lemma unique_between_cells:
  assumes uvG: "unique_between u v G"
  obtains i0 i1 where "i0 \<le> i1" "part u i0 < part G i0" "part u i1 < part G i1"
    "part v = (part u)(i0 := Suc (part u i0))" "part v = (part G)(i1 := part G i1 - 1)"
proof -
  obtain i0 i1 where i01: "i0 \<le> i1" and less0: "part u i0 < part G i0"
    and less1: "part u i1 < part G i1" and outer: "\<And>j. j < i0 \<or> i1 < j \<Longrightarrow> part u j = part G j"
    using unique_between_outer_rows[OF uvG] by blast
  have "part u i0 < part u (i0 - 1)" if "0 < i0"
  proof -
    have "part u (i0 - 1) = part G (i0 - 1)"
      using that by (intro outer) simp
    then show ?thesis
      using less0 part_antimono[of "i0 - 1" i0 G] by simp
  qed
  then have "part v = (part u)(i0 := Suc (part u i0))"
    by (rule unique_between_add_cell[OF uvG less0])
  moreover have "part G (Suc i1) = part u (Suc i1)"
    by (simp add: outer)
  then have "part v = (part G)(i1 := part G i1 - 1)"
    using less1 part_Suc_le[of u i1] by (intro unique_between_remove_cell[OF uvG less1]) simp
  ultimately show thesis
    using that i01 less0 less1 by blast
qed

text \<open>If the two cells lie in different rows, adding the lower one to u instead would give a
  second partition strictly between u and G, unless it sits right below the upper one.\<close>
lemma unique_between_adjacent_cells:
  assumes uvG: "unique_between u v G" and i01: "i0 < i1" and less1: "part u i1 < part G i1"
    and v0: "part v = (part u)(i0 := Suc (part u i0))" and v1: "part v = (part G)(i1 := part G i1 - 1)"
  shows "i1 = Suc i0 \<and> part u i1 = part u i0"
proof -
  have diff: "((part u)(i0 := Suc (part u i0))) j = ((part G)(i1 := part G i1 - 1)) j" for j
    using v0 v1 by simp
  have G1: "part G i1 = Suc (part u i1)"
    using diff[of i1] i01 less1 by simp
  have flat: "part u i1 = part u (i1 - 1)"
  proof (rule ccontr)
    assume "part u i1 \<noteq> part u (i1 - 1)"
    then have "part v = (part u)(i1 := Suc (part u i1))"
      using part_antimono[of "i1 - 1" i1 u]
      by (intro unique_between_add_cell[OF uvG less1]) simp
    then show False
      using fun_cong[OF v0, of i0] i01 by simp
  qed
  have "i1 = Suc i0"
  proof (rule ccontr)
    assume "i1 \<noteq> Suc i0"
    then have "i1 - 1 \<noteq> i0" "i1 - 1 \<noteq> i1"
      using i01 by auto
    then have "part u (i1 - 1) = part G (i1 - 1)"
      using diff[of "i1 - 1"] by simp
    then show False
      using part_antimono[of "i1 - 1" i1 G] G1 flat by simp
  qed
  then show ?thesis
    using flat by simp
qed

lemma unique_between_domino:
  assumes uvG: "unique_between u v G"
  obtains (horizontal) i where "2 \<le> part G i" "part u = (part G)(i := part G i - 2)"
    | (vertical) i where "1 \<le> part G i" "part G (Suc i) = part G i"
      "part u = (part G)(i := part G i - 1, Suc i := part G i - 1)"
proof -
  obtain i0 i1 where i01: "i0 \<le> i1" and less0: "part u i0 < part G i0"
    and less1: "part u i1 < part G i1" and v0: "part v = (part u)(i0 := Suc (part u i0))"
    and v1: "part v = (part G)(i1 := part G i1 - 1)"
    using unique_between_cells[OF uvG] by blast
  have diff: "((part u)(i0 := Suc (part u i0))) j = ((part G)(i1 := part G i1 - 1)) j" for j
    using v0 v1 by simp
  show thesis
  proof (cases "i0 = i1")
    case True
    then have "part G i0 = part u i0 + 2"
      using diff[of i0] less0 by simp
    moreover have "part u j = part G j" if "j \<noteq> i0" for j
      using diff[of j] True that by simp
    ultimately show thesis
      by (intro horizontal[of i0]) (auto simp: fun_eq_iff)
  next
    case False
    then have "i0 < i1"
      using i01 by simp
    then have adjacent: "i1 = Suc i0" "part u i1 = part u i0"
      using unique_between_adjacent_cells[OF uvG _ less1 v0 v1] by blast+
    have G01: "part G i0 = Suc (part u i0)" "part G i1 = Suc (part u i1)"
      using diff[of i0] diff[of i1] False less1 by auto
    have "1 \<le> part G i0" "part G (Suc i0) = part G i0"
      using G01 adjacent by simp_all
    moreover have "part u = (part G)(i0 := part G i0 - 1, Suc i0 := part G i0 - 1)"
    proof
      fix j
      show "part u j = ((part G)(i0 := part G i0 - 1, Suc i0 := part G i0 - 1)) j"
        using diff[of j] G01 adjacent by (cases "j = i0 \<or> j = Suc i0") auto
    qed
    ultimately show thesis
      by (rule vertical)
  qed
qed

* * *

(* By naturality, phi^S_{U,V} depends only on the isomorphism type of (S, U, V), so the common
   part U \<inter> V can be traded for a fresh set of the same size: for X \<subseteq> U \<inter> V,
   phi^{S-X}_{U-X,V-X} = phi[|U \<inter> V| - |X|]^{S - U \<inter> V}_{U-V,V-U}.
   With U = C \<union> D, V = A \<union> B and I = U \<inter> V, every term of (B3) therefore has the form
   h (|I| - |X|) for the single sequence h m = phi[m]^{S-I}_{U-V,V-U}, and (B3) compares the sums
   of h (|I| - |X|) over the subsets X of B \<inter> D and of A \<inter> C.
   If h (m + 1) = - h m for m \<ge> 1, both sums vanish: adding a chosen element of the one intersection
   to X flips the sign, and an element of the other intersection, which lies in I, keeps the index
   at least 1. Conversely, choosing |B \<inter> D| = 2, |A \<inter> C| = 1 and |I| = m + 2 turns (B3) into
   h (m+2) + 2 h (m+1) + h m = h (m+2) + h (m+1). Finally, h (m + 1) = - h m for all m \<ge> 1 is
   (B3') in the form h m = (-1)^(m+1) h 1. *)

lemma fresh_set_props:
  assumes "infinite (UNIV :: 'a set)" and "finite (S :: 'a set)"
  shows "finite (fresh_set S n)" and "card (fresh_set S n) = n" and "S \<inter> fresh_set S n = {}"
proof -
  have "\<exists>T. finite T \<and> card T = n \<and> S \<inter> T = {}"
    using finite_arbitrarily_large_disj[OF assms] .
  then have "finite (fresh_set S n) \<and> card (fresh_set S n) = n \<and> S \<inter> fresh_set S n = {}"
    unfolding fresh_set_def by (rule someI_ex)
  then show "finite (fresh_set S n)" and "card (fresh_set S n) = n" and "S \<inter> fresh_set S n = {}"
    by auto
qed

WHAT THE TASK ASKS
Each line in the data that holds the word "sums" must be copied.

RESPONSE TO THE TASK
   h (|I| - |X|) for the single sequence h m = phi[m]^{S-I}_{U-V,V-U}, and (B3) compares the sums
   If h (m + 1) = - h m for m \<ge> 1, both sums vanish: adding a chosen element of the one intersection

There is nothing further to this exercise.